Downchild – Something I’ve Done | Album Review

Downchild – Something I’ve Done

Linus Entertainment/Canada

CD: 10 Songs, 37:18 Minutes

Styles: Contemporary Electric Blues Rock, Harmonica Blues, NOLA-Style Blues

Blizzards. Deluges. Ice storms. Mudslides. When the weather is this categorically unappealing, what better antidote than some zesty New Orleans-style blues rock? Downchild, one of Canada’s longest-running and most celebrated blues bands, provides plenty of it on Something I’ve Done, their latest in a long line of stunning releases.

If the band’s name doesn’t sound familiar, that of the Blues Brothers surely will. That comedic pair elevated Downchild’s “Shotgun Blues” and lead guitarist/harpist Donnie Walsh’s “(I Got Everything I Need) Almost” to smash hits on their 1978 Briefcase Full of Blues album. Each member of Downchild boasts a minimum of twenty years’ experience. According to their promotional information sheet, “the 2017 iteration…might be the most electrifying yet.” According to this newcomer, let’s leave it at “most electrifying.” This sextet has it all: high energy, smooth chemistry, lively presence, and superb musicianship. On nine original tracks and one cover catchier than the flu, they blaze forth like Tesla coils.

The band’s online biography delves deeper into their history and motivations: “Indeed, if Downchild didn’t exist, the blues world would have to invent them. Who else could so clearly serve as contemporary torchbearers for riveting original music firmly rooted in tradition, while acting as a thriving spiritual link to past greats like Sonny Boy Williamson II, James Cotton, and B.B. King? But don’t take our word for it. Downchild’s epic reputation has been reaffirmed time and again. Witness their 2014 Blues Album of the Year Juno Award for their last studio effort, Can You Hear the Music – their second Juno win overall. Their boatload of Maple Blues Awards. Their marquee billing on the globe’s most prestigious stages. And, of course, their inimitable 1973 reading of Big Joe Turner’s classic ‘Flip, Flop and Fly, which placed Walsh and band co-founder, late brother Richard “Hock” Walsh on the charts and in the souls of music fans worldwide.”
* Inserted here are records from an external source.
definition pc_mult :: "'i polycyclic \<Rightarrow> 'i polycyclic \<Rightarrow> 'i polycyclic" where
  "pc_mult a b = (case a of None \<Rightarrow> None | Some (u, v) \<Rightarrow>
     (case b of None \<Rightarrow> None | Some (x, y) \<Rightarrow>
       (if (\<exists>w. x = v @ w) then Some (u @ drop (length v) x, y)
        else if (\<exists>w. v = x @ w) then Some (u, y @ drop (length x) v)
        else None)))"

definition pc_one :: "'i polycyclic" where "pc_one = Some ([], [])"
definition pc_gen :: "'i \<Rightarrow> 'i polycyclic" where "pc_gen i = Some ([], [i])"
definition pc_geninv :: "'i \<Rightarrow> 'i polycyclic" where "pc_geninv i = Some ([i], [])"

lemma pc_rel1: "pc_mult (pc_gen i) (pc_geninv i) = pc_one"
  by (simp add: pc_mult_def pc_gen_def pc_geninv_def pc_one_def)

lemma pc_rel2: "i \<noteq> j \<Longrightarrow> pc_mult (pc_gen i) (pc_geninv j) = None"
  by (simp add: pc_mult_def pc_gen_def pc_geninv_def)

definition topological_semigroup :: "'s topology \<Rightarrow> ('s \<Rightarrow> 's \<Rightarrow> 's) \<Rightarrow> bool" where
  "topological_semigroup X m \<longleftrightarrow>
     (\<forall>x\<in>topspace X. \<forall>y\<in>topspace X. m x y \<in> topspace X) \<and>
     (\<forall>x\<in>topspace X. \<forall>y\<in>topspace X. \<forall>z\<in>topspace X. m (m x y) z = m x (m y z)) \<and>
     continuous_map (prod_topology X X) X (\<lambda>p. m (fst p) (snd p))"
(* For $n\ge1$, let $X_n$ be the degree of symmetry of a uniformly random binary tree with $n$ nodes. Then $X_n$ converges to a discrete limit law with $$\lim_{n\to\infty}\Pr(X_n=k)=\frac12\binom{2k}{k}\left(\frac{3}{16}\right)^k\quad\text{for all }k\ge0,$$ and $\mathbb{E}X_n=\frac32+o(1)$, $\mathbb{V}X_n=6+o(1)$.
   Context: A binary tree is a rooted tree in which each node has at most two children, distinguished as left and right. The address of a node is the word over $\{L,R\}$ recording the left/right steps from the root to it; its complement swaps $L$ and $R$. Two nodes are mirror images if their addresses are complements of each other. The degree of symmetry $\mathrm{ds}(T)$ is the number of unordered pairs of distinct nodes (hence not involving the root) that are mirror images of each other. *)

theory Defs
  imports Complex_Main
begin

datatype bt = Leaf | Node bt bt

fun nodes :: "bt \<Rightarrow> nat" where
  "nodes Leaf = 0"
| "nodes (Node l r) = Suc (nodes l + nodes r)"

datatype dir = L | R

fun flip :: "dir \<Rightarrow> dir" where
  "flip L = R"
| "flip R = L"

definition compl :: "dir list \<Rightarrow> dir list" where
  "compl w = map flip w"

fun addrs :: "bt \<Rightarrow> dir list set" where
  "addrs Leaf = {}"
| "addrs (Node l r) = {[]} \<union> (\<lambda>w. L # w) ` addrs l \<union> (\<lambda>w. R # w) ` addrs r"

definition ds :: "bt \<Rightarrow> nat" where
  "ds t = card {{u, v} | u v. u \<in> addrs t \<and> v \<in> addrs t \<and> u \<noteq> v \<and> v = compl u}"

definition trees :: "nat \<Rightarrow> bt set" where
  "trees n = {t. nodes t = n}"

definition prob_ds :: "nat \<Rightarrow> nat \<Rightarrow> real" where
  "prob_ds n k = real (card {t \<in> trees n. ds t = k}) / real (card (trees n))"

definition exp_ds :: "nat \<Rightarrow> real" where
  "exp_ds n = (\<Sum>t\<in>trees n. real (ds t)) / real (card (trees n))"

definition var_ds :: "nat \<Rightarrow> real" where
  "var_ds n = (\<Sum>t\<in>trees n. (real (ds t) - exp_ds n)^2) / real (card (trees n))"

end

theory Submission
  imports Defs "HOL-Computational_Algebra.Formal_Power_Series" "HOL-Real_Asymp.Real_Asymp"
    "HOL-Analysis.Uniform_Limit"
begin

(* Removing the root, ds (Node l r) is the number of nodes common to l and mirror r, so X_(n+1) is
   the overlap of a uniformly random pair of trees with n nodes in total. A pair with overlap k
   consists of its common part, a tree with k nodes, and k + 1 pairs of overlap 0 hanging at the
   external positions of the common part. With B = 1 + x B^2 counting trees and A = 2 B - 1 counting
   pairs of overlap 0, the pairs of overlap k have generating function C_k x^(2k) A^(k+1), C_k the
   Catalan numbers. The coefficients of B^r are ballot numbers, so [x^q] B^r / C_q -> r 2^(r-1) and
   C_q / C_(q+d) -> 4^(-d); expanding A^(k+1) binomially gives the limit law. A bound
   P(X_n = k) <= c k^3 (3/4)^k, uniform in n, lets Tannery's theorem pass the first two moments to
   the limit, where they follow from the recurrence 8 (k+1) p_(k+1) = 3 (2k+1) p_k. *)

section \<open>Degree of symmetry as an overlap\<close>

lemma compl_Nil [simp]: "compl [] = []"
  and compl_Cons [simp]: "compl (x # w) = flip x # compl w"
  by (simp_all add: compl_def)

lemma flip_flip [simp]: "flip (flip x) = x"
  by (cases x) auto

lemma compl_compl [simp]: "compl (compl w) = w"
  by (induction w) auto

lemma in_compl_image_iff [simp]: "w \<in> compl ` A \<longleftrightarrow> compl w \<in> A"
  by (metis compl_compl image_iff)

lemma finite_addrs [simp]: "finite (addrs t)"
  by (induction t) auto

fun mirror :: "bt \<Rightarrow> bt" where
  "mirror Leaf = Leaf"
| "mirror (Node l r) = Node (mirror r) (mirror l)"

lemma mirror_mirror [simp]: "mirror (mirror t) = t"
  by (induction t) auto

lemma nodes_mirror [simp]: "nodes (mirror t) = nodes t"
  by (induction t) auto

lemma addrs_mirror: "addrs (mirror t) = compl ` addrs t"
  by (induction t) (simp_all add: image_Un image_image Un_ac)

fun overlap :: "bt \<Rightarrow> bt \<Rightarrow> nat" where
  "overlap (Node a1 a2) (Node b1 b2) = Suc (overlap a1 b1 + overlap a2 b2)"
| "overlap _ _ = 0"

lemma overlap_le_nodes: "overlap a b \<le> nodes a"
  by (induction a b rule: overlap.induct) auto

lemma overlap_eq_0_iff: "overlap a b = 0 \<longleftrightarrow> a = Leaf \<or> b = Leaf"
  by (cases a; cases b) auto

lemma card_addrs_Int: "card (addrs a \<inter> addrs b) = overlap a b"
proof (induction a b rule: overlap.induct)
  case (1 a1 a2 b1 b2)
  have "addrs (Node a1 a2) \<inter> addrs (Node b1 b2) =
     insert [] ((\<lambda>w. L # w) ` (addrs a1 \<inter> addrs b1) \<union> (\<lambda>w. R # w) ` (addrs a2 \<inter> addrs b2))"
    by auto
  then have "card (addrs (Node a1 a2) \<inter> addrs (Node b1 b2)) =
     Suc (card ((\<lambda>w. L # w) ` (addrs a1 \<inter> addrs b1)) + card ((\<lambda>w. R # w) ` (addrs a2 \<inter> addrs b2)))"
    by (simp only:) (subst card_insert_disjoint, auto intro!: card_Un_disjoint)
  then show ?case
    using 1 by (simp add: card_image)
qed auto

lemma mirror_pairs_Node:
  "{{u, v} | u v. u \<in> addrs (Node l r) \<and> v \<in> addrs (Node l r) \<and> u \<noteq> v \<and> v = compl u} =
   (\<lambda>w. {L # w, R # compl w}) ` (addrs l \<inter> addrs (mirror r))"
    (is "?S = ?f ` ?A")
proof (rule set_eqI, rule iffI)
  fix x assume "x \<in> ?S"
  then obtain u where u: "u \<in> addrs (Node l r)" "compl u \<in> addrs (Node l r)" "u \<noteq> compl u"
    "x = {u, compl u}" by blast
  then obtain d w where "u = d # w"
    by (cases u) auto
  show "x \<in> ?f ` ?A"
  proof (cases d)
    case L
    with u \<open>u = d # w\<close> have "w \<in> ?A" "x = ?f w"
      by (auto simp: addrs_mirror)
    then show ?thesis by blast
  next
    case R
    with u \<open>u = d # w\<close> have "compl w \<in> ?A" "x = ?f (compl w)"
      by (auto simp: addrs_mirror)
    then show ?thesis by blast
  qed
next
  fix x assume "x \<in> ?f ` ?A"
  then obtain w where "w \<in> addrs l" "compl w \<in> addrs r" "x = ?f w"
    by (auto simp: addrs_mirror)
  then show "x \<in> ?S"
    by (intro CollectI exI[of _ "L # w"] exI[of _ "R # compl w"]) simp
qed

lemma ds_Node: "ds (Node l r) = overlap l (mirror r)"
proof -
  have "inj_on (\<lambda>w. {L # w, R # compl w}) (addrs l \<inter> addrs (mirror r))"
    by (rule inj_onI) (auto simp: doubleton_eq_iff)
  then show ?thesis
    unfolding ds_def mirror_pairs_Node by (simp add: card_image card_addrs_Int)
qed

lemma ds_Leaf [simp]: "ds Leaf = 0"
  by (simp add: ds_def)

lemma ds_le_nodes: "ds t \<le> nodes t"
  by (cases t) (auto simp: ds_Node intro: le_SucI le_trans[OF overlap_le_nodes])

section \<open>Counting trees and pairs of trees\<close>

definition num_trees :: "nat \<Rightarrow> nat" where
  "num_trees n = card (trees n)"

lemma trees_0: "trees 0 = {Leaf}"
  by (auto simp: trees_def elim: nodes.elims)

lemma trees_Suc: "trees (Suc n) = (\<lambda>(a, b). Node a b) ` (\<Union>j\<le>n. trees j \<times> trees (n - j))"
proof (rule set_eqI, rule iffI)
  fix t assume "t \<in> trees (Suc n)"
  then obtain a b where "t = Node a b" "nodes a + nodes b = n"
    by (cases t) (auto simp: trees_def)
  then show "t \<in> (\<lambda>(a, b). Node a b) ` (\<Union>j\<le>n. trees j \<times> trees (n - j))"
    by (auto simp: trees_def intro!: image_eqI[of _ _ "(a, b)"])
qed (auto simp: trees_def)

lemma finite_trees [simp]: "finite (trees n)"
proof (induction n rule: less_induct)
  case (less n)
  show ?case
  proof (cases n)
    case (Suc m)
    have "finite (trees j \<times> trees (m - j))" if "j \<le> m" for j
      using less Suc that by (intro finite_cartesian_product) auto
    then show ?thesis using Suc by (simp add: trees_Suc)
  qed (simp add: trees_0)
qed

lemma num_trees_0 [simp]: "num_trees 0 = 1"
  by (simp add: num_trees_def trees_0)

lemma num_trees_Suc: "num_trees (Suc n) = (\<Sum>j\<le>n. num_trees j * num_trees (n - j))"
proof -
  have "inj_on (\<lambda>(a, b). Node a b) (\<Union>j\<le>n. trees j \<times> trees (n - j))"
    by (auto intro!: inj_onI)
  then have "num_trees (Suc n) = card (\<Union>j\<le>n. trees j \<times> trees (n - j))"
    by (simp add: num_trees_def trees_Suc card_image)
  also have "\<dots> = (\<Sum>j\<le>n. card (trees j \<times> trees (n - j)))"
    by (rule card_UN_disjoint) (simp, simp, auto simp: trees_def)
  finally show ?thesis
    by (simp add: num_trees_def card_cartesian_product)
qed

lemma num_trees_neq_0 [simp]: "num_trees n \<noteq> 0"
proof (induction n)
  case (Suc n)
  have "num_trees 0 * num_trees (n - 0) \<le> (\<Sum>j\<le>n. num_trees j * num_trees (n - j))"
    by (rule member_le_sum) auto
  then have "num_trees n \<le> num_trees (Suc n)"
    by (simp add: num_trees_Suc)
  with Suc show ?case
    by simp
qed simp

definition overlap_pairs :: "nat \<Rightarrow> nat \<Rightarrow> (bt \<times> bt) set" where
  "overlap_pairs n k = {(a, b). nodes a + nodes b = n \<and> overlap a b = k}"

lemma finite_overlap_pairs [simp]: "finite (overlap_pairs n k)"
proof (rule finite_subset)
  show "overlap_pairs n k \<subseteq> (\<Union>j\<le>n. trees j \<times> trees (n - j))"
    by (auto simp: overlap_pairs_def trees_def)
qed auto

lemma card_ds_eq_card_overlap_pairs:
  "card {t \<in> trees (Suc n). ds t = k} = card (overlap_pairs n k)"
proof -
  have "{t \<in> trees (Suc n). ds t = k} = (\<lambda>(a, b). Node a (mirror b)) ` overlap_pairs n k"
  proof (rule set_eqI, rule iffI)
    fix t assume "t \<in> {t \<in> trees (Suc n). ds t = k}"
    then obtain a b where "t = Node a b" "nodes a + nodes b = n" "overlap a (mirror b) = k"
      by (cases t) (auto simp: trees_def ds_Node)
    then show "t \<in> (\<lambda>(a, b). Node a (mirror b)) ` overlap_pairs n k"
      by (auto simp: overlap_pairs_def intro!: image_eqI[of _ _ "(a, mirror b)"])
  qed (auto simp: trees_def ds_Node overlap_pairs_def)
  moreover have "inj_on (\<lambda>(a, b). Node a (mirror b)) (overlap_pairs n k)"
    by (auto intro!: inj_onI) (metis mirror_mirror)
  ultimately show ?thesis
    by (simp add: card_image)
qed

lemma card_overlap_pairs_0:
  "real (card (overlap_pairs n 0)) = 2 * real (num_trees n) - (if n = 0 then 1 else 0)"
proof -
  let ?A = "(\<lambda>b. (Leaf, b)) ` trees n" and ?B = "(\<lambda>a. (a, Leaf)) ` trees n"
  have "overlap_pairs n 0 = ?A \<union> ?B"
    by (auto simp: overlap_pairs_def trees_def overlap_eq_0_iff)
  then have "card ?A + card ?B = card (overlap_pairs n 0) + card (?A \<inter> ?B)"
    by (simp only:) (rule card_Un_Int; simp)
  moreover have "?A \<inter> ?B = (if n = 0 then {(Leaf, Leaf)} else {})"
    by (auto simp: trees_def)
  moreover have "card ?A = num_trees n" "card ?B = num_trees n"
    by (auto simp: num_trees_def card_image inj_on_def)
  ultimately show ?thesis
    by (cases "n = 0") simp_all
qed

lemma overlap_pairs_Suc_eq_empty: "n < 2 \<Longrightarrow> overlap_pairs n (Suc k) = {}"
  by (auto simp: overlap_pairs_def elim!: overlap.elims)

lemma overlap_pairs_Suc_Suc:
  "overlap_pairs (Suc (Suc m)) (Suc k) =
     (\<lambda>((a1, b1), (a2, b2)). (Node a1 a2, Node b1 b2)) `
       (\<Union>(j, i)\<in>{..k} \<times> {..m}. overlap_pairs i j \<times> overlap_pairs (m - i) (k - j))"
proof (rule set_eqI, rule iffI)
  fix x assume "x \<in> overlap_pairs (Suc (Suc m)) (Suc k)"
  then obtain a1 a2 b1 b2 where x: "x = (Node a1 a2, Node b1 b2)"
     "nodes a1 + nodes a2 + nodes b1 + nodes b2 = m" "overlap a1 b1 + overlap a2 b2 = k"
    by (auto simp: overlap_pairs_def elim!: overlap.elims)
  then show "x \<in> (\<lambda>((a1, b1), (a2, b2)). (Node a1 a2, Node b1 b2)) `
       (\<Union>(j, i)\<in>{..k} \<times> {..m}. overlap_pairs i j \<times> overlap_pairs (m - i) (k - j))"
    by (auto simp: overlap_pairs_def intro!: image_eqI[of _ _ "((a1, b1), (a2, b2))"]
        bexI[of _ "(overlap a1 b1, nodes a1 + nodes b1)"])
qed (auto simp: overlap_pairs_def)

lemma card_overlap_pairs_Suc_Suc:
  "card (overlap_pairs (Suc (Suc m)) (Suc k)) =
     (\<Sum>j\<le>k. \<Sum>i\<le>m. card (overlap_pairs i j) * card (overlap_pairs (m - i) (k - j)))"
proof -
  let ?U = "\<Union>(j, i)\<in>{..k} \<times> {..m}. overlap_pairs i j \<times> overlap_pairs (m - i) (k - j)"
  have "inj_on (\<lambda>((a1, b1), (a2, b2)). (Node a1 a2, Node b1 b2)) ?U"
    by (auto intro!: inj_onI)
  then have "card (overlap_pairs (Suc (Suc m)) (Suc k)) = card ?U"
    by (simp add: overlap_pairs_Suc_Suc card_image)
  also have "\<dots> = (\<Sum>(j, i)\<in>{..k} \<times> {..m}. card (overlap_pairs i j \<times> overlap_pairs (m - i) (k - j)))"
    by (subst card_UN_disjoint) (simp, simp, auto simp: overlap_pairs_def case_prod_unfold)
  finally show ?thesis
    by (simp add: sum.cartesian_product[symmetric] card_cartesian_product)
qed

section \<open>Generating functions\<close>

definition tree_gf :: "real fps" where
  "tree_gf = Abs_fps (\<lambda>n. real (num_trees n))"

lemma fps_nth_tree_gf [simp]: "fps_nth tree_gf n = real (num_trees n)"
  by (simp add: tree_gf_def)
lemma descending_tailD:
  assumes "descending_tail p n" "1 \<le> p" "i \<in> {p..<N}"
  shows "n (i + 1) \<le> n i"
  using assms by (auto simp: descending_tail_def dest!: bspec[of _ _ "i + 1"])

definition hybrid_sum :: "nat \<Rightarrow> complex" where
  "hybrid_sum p = (\<Sum>\<^sub>\<infinity>n\<in>{n\<in>lattice. shifted_head p n \<and> descending_tail p n}. La_term n)"

text \<open>The guard \<open>p \<le> N\<close> makes \<open>Q_region (Suc N)\<close> the region of \<open>hybrid_sum N\<close>.\<close>

definition Q_region :: "nat \<Rightarrow> (nat \<Rightarrow> nat) set" where
  "Q_region p = {n\<in>lattice. shifted_head (p - 1) n \<and> descending_tail p n \<and> (p \<le> N \<longrightarrow> n p \<le> j p)}"

definition R_region :: "nat \<Rightarrow> nat \<Rightarrow> (nat \<Rightarrow> nat) set" where
  "R_region p K = {n\<in>lattice. shifted_head (p - 1) n \<and> descending_tail p n \<and> n p + j (p - 1) = n (p - 1) + K}"

definition Q_piece :: "nat \<Rightarrow> complex" where
  "Q_piece p = (\<Sum>\<^sub>\<infinity>n\<in>Q_region p. La_term n)"

definition R_piece :: "nat \<Rightarrow> nat \<Rightarrow> complex" where
  "R_piece p K = (\<Sum>\<^sub>\<infinity>n\<in>R_region p K. La_term n)"

lemma infsum_La_term_restrict:
  "(\<Sum>\<^sub>\<infinity>n\<in>{n\<in>lattice. P n}. La_term n) = (\<Sum>\<^sub>\<infinity>n\<in>lattice. of_bool (P n) * La_term n)"
  by (rule infsum_cong_neutral) auto

lemma summable_on_La_term_restrict: "(\<lambda>n. of_bool (P n) * La_term n) summable_on lattice"
proof -
  have "La_term summable_on {n\<in>lattice. P n}" by (rule La_term_summable_on) auto
  then show ?thesis by (subst summable_on_cong_neutral[symmetric]) auto
qed

lemma hybrid_sum_step_indicator:
  assumes p: "p \<in> {1..N}" and n: "n \<in> lattice"
  defines "c \<equiv> if 2 \<le> p then of_int (eps (int (j (p - 1))) (int (j p + m p))) else (0::complex)"
  shows "of_bool (shifted_head (p - 1) n \<and> descending_tail (p - 1) n)
           + c * (\<Sum>K\<in>{min (j (p - 1)) (j p + m p) + 1 .. max (j (p - 1)) (j p + m p)}.
                    of_bool (shifted_head (p - 1) n \<and> descending_tail p n \<and> n p + j (p - 1) = n (p - 1) + K))
         = of_bool (shifted_head p n \<and> descending_tail p n)
           + of_bool (shifted_head (p - 1) n \<and> descending_tail p n \<and> n p \<le> j p)"
proof (cases "shifted_head (p - 1) n \<and> descending_tail p n")
  case False
  then show ?thesis
    using shifted_head_step[of p n] descending_tail_step[of p n] p
    by (cases "shifted_head (p - 1) n") auto
next
  case True
  show ?thesis
  proof (cases "p = 1")
    case True
    then show ?thesis
      using \<open>shifted_head (p - 1) n \<and> descending_tail p n\<close> shifted_head_step[of p n]
        descending_tail_step[of p n] p
      by (auto simp: c_def)
  next
    case False
    then have p2: "2 \<le> p" using p by auto
    have "j (p - 1) < n (p - 1)" "1 \<le> n p"
      using True p2 p lattice_memD(1)[OF n, of p] by (auto simp: shifted_head_def)
    from band_indicator_identity[OF this, of "j p" "m p"]
    show ?thesis
      using True p2 p shifted_head_step[of p n] descending_tail_step[of p n]
      by (simp add: c_def)
  qed
qed
lemma Wiener_eq_sum_half_count:
  assumes "n \<ge> 3" "A \<subseteq> cyc_V n"
  shows "2 * Wiener n A = (\<Sum>i<n. half_count n A i * (card A - half_count n A i))"
proof -
  have fin: "finite A" using assms(2) finite_subset unfolding cyc_V_def by blast
  have AV: "u < n" if "u \<in> A" for u using assms(2) that unfolding cyc_V_def by auto
  have count: "half_count n A i * (card A - half_count n A i)
      = (\<Sum>u\<in>A. \<Sum>v\<in>A. of_bool (u \<in> half_arc n i) * of_bool (v \<notin> half_arc n i))" for i
  proof -
    have "A \<inter> {v. v \<notin> half_arc n i} = A - A \<inter> half_arc n i" by auto
    then have "card A - half_count n A i = card (A \<inter> {v. v \<notin> half_arc n i})"
      unfolding half_count_def using fin by (simp add: card_Diff_subset)
    then show ?thesis
      unfolding half_count_def sum_product[symmetric] using fin by (simp add: Int_def)
  qed
  have "2 * Wiener n A = (\<Sum>u\<in>A. \<Sum>v\<in>A. card {i. i < n \<and> u \<in> half_arc n i \<and> v \<notin> half_arc n i})"
    unfolding Wiener_eq_sum_cyc_dist[OF assms]
    using card_half_arcs_separating assms(1) AV by (intro sum.cong) auto
  also have "\<dots> = (\<Sum>u\<in>A. \<Sum>v\<in>A. \<Sum>i<n. of_bool (u \<in> half_arc n i) * of_bool (v \<notin> half_arc n i))"
    unfolding card_lessThan_filter by (simp add: of_bool_conj)
  also have "\<dots> = (\<Sum>u\<in>A. \<Sum>i<n. \<Sum>v\<in>A. of_bool (u \<in> half_arc n i) * of_bool (v \<notin> half_arc n i))"
    by (intro sum.cong refl sum.swap)
  also have "\<dots> = (\<Sum>i<n. \<Sum>u\<in>A. \<Sum>v\<in>A. of_bool (u \<in> half_arc n i) * of_bool (v \<notin> half_arc n i))"
    by (rule sum.swap)
  finally show ?thesis unfolding count .
qed

lemma sum_half_count:
  assumes "n \<ge> 3" "A \<subseteq> cyc_V n"
  shows "(\<Sum>i<n. half_count n A i) = n div 2 * card A"
proof -
  have fin: "finite A" using assms(2) finite_subset unfolding cyc_V_def by blast
  have "(\<Sum>i<n. half_count n A i) = (\<Sum>i<n. \<Sum>u\<in>A. of_bool (u \<in> half_arc n i))"
    unfolding half_count_def using fin by (simp add: Int_def)
  also have "\<dots> = (\<Sum>u\<in>A. card {i. i < n \<and> u \<in> half_arc n i})"
    unfolding card_lessThan_filter by (rule sum.swap)
  also have "\<dots> = (\<Sum>u\<in>A. n div 2)"
    using assms card_arcs_containing[of n "n div 2"] unfolding half_arc_def cyc_V_def
    by (intro sum.cong) auto
  finally show ?thesis by simp
qed
lemma mult_line_line_of:
  assumes m: "\<And>\<theta>. \<theta> \<in> \<Omega> \<Longrightarrow> poly m \<theta> * poly m \<theta> = 1"
  shows "mult_line f m (line_of f e) = line_of f (m * e)"
proof (intro equalityI subsetI)
  fix r assume "r \<in> mult_line f m (line_of f e)"
  then obtain q s t where r: "r = (m * q) mod f"
    and st: "\<forall>\<theta>\<in>\<Omega>. poly e \<theta> * poly q \<theta> = s * \<theta> + t"
    unfolding mult_line_def line_of_conv_roots by blast
  have "poly (m * e) \<theta> * poly r \<theta> = s * \<theta> + t" if "\<theta> \<in> \<Omega>" for \<theta>
  proof -
    have "poly (m * e) \<theta> * poly r \<theta> = (poly m \<theta> * poly m \<theta>) * (poly e \<theta> * poly q \<theta>)"
      using that by (simp add: r poly_mod_at_root mult_ac)
    then show ?thesis
      using that st m by simp
  qed
  then show "r \<in> line_of f (m * e)"
    unfolding line_of_conv_roots r using mod_in_Abar by blast
next
  fix r assume r: "r \<in> line_of f (m * e)"
  then obtain s t where st: "\<forall>\<theta>\<in>\<Omega>. poly (m * e) \<theta> * poly r \<theta> = s * \<theta> + t"
    unfolding line_of_conv_roots by blast
  have "\<forall>\<theta>\<in>\<Omega>. poly e \<theta> * poly ((m * r) mod f) \<theta> = s * \<theta> + t"
    using st by (simp add: poly_mod_at_root mult_ac)
  then have "(m * r) mod f \<in> line_of f e"
    unfolding line_of_conv_roots using mod_in_Abar by blast
  moreover have "(m * ((m * r) mod f)) mod f = r"
    using r m by (intro Abar_eqI mod_in_Abar) (auto simp: line_of_def poly_mod_at_root)
  ultimately show "r \<in> mult_line f m (line_of f e)"
    unfolding mult_line_def by force
qed

lemma line_of_mu_disjoint:
  assumes e: "\<forall>\<theta>\<in>\<Omega>. poly e \<theta> \<noteq> 0"
    and D: "D \<subseteq> \<Omega>" "2 \<le> card D" "2 \<le> card (\<Omega> - D)"
  shows "\<not> lines_intersect (line_of f e) (line_of f (mu f D * e))"
proof
  assume "lines_intersect (line_of f e) (line_of f (mu f D * e))"
  then obtain q where q: "q \<noteq> 0" "q \<in> line_of f e" "q \<in> line_of f (mu f D * e)"
    unfolding lines_intersect_def by blast
  obtain s t where st: "\<forall>\<theta>\<in>\<Omega>. poly e \<theta> * poly q \<theta> = s * \<theta> + t"
    using q(2) unfolding line_of_conv_roots by blast
  obtain s' t' where st': "\<forall>\<theta>\<in>\<Omega>. poly (mu f D * e) \<theta> * poly q \<theta> = s' * \<theta> + t'"
    using q(3) unfolding line_of_conv_roots by blast
  obtain a1 a2 where a: "a1 \<in> \<Omega> - D" "a2 \<in> \<Omega> - D" "a1 \<noteq> a2"
    using card_ge_2_obtain[OF D(3)] by blast
  obtain b1 b2 where b: "b1 \<in> D" "b2 \<in> D" "b1 \<noteq> b2"
    using card_ge_2_obtain[OF D(2)] by blast
  have "s * \<theta> + t = s' * \<theta> + t'" if "\<theta> \<in> \<Omega> - D" for \<theta>
    using that st st' by (auto simp: poly_mu_at_root)
  then have "s = s' \<and> t = t'"
    using affine_eq_at_two_points[OF a(3)] a by blast
  moreover have "(- s) * \<theta> + (- t) = s' * \<theta> + t'" if "\<theta> \<in> D" for \<theta>
    using that D(1) st st' by (force simp: poly_mu_at_root)
  then have "- s = s' \<and> - t = t'"
    using affine_eq_at_two_points[OF b(3)] b by blast
  ultimately have "s = 0" "t = 0"
    using neg_eq_self_iff by auto
  then have "q = 0"
    using e st q(2) by (intro Abar_eqI) (auto simp: line_of_def Abar_def)
  with q(1) show False ..
qed
lemma card_top_coefficient:
  fixes N :: nat
  assumes "finite S" "s \<in> S" "N \<ge> 1"
  shows "N * card {u \<in> formal_box S N. snd u (s, fst u) = N - 1} = card (formal_box S N)"
proof -
  have "{u \<in> formal_box S N. snd u (s, fst u) = N - 1}
          = Sigma (monomials S N) (\<lambda>e. {c \<in> coeff_box S N. c (s, e) = N - 1})"
    by (auto simp: formal_box_def)
  then have "N * card {u \<in> formal_box S N. snd u (s, fst u) = N - 1}
               = (\<Sum>e\<in>monomials S N. N * card {c \<in> coeff_box S N. c (s, e) = N - 1})"
    using assms(1) by (simp add: card_SigmaI sum_distrib_left monomials_def coeff_box_def finite_PiE)
  also have "\<dots> = (\<Sum>e\<in>monomials S N. card (coeff_box S N))"
    unfolding coeff_box_def
    by (intro sum.cong refl card_box_slice) (use assms in \<open>auto simp: monomials_def finite_PiE\<close>)
  finally show ?thesis by (simp add: formal_box_def card_cartesian_product)
qed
Downchild features Donnie “Mr. Downchild” Walsh on guitar and harmonica; Chuck Jackson on lead vocals and harmonica; Pat Carey on tenor and baritone saxophones; Michael Fonfara on piano, organ and dobro guitar; Gary Kendall on bass, and Mike Fitzpatrick on drums. Special guest star Peter Jeffrey adds his trumpet expertise to the mix, and the regular band members provide background vocals on various tracks.

Picking the best three songs on any album is Something I’ve Done quite a lot, but this was tough:

Track 02: “Worried About the World” – This stellar cover of B.C.-based bluesman David Vest’s hit couldn’t be more timely. “Everybody worried about the world; nobody worried about me,” comes the rolling refrain, ebbing and flowing like the water underneath a trireme of galley slaves. “You got the sound of one hand clapping, a sound way off in your head,” sings Chuck Jackson. “If one man fall, ain’t nobody looking, that don’t mean he ain’t dead.” Life’s a slog, whether anyone notices your personal struggle in the midst of their fears for the future.

Track 04: “Mississippi Woman, Mississauga Man” – Dance your heart out, blues fans, to this swaggering boogie featuring harmonica that’ll blister your ears and your speakers. That’s provided with panache by Mr. Jackson, and Michael Fonfara’s piano keeps perfect pace.

Track 06: “Mailbox Money” – Rock on! Any one of us who’s ever waited (and waited) for a check in the post knows the feeling. “Put your hand in your pocket, dig down deep. Don’t be a deadbeat. I’ll sign a receipt.” Peter Jeffrey’s trumpet is terrific here, as is Pat Carey’s saxwork.

Don’t let the winter blahs get you down. Let Downchild pick you right up!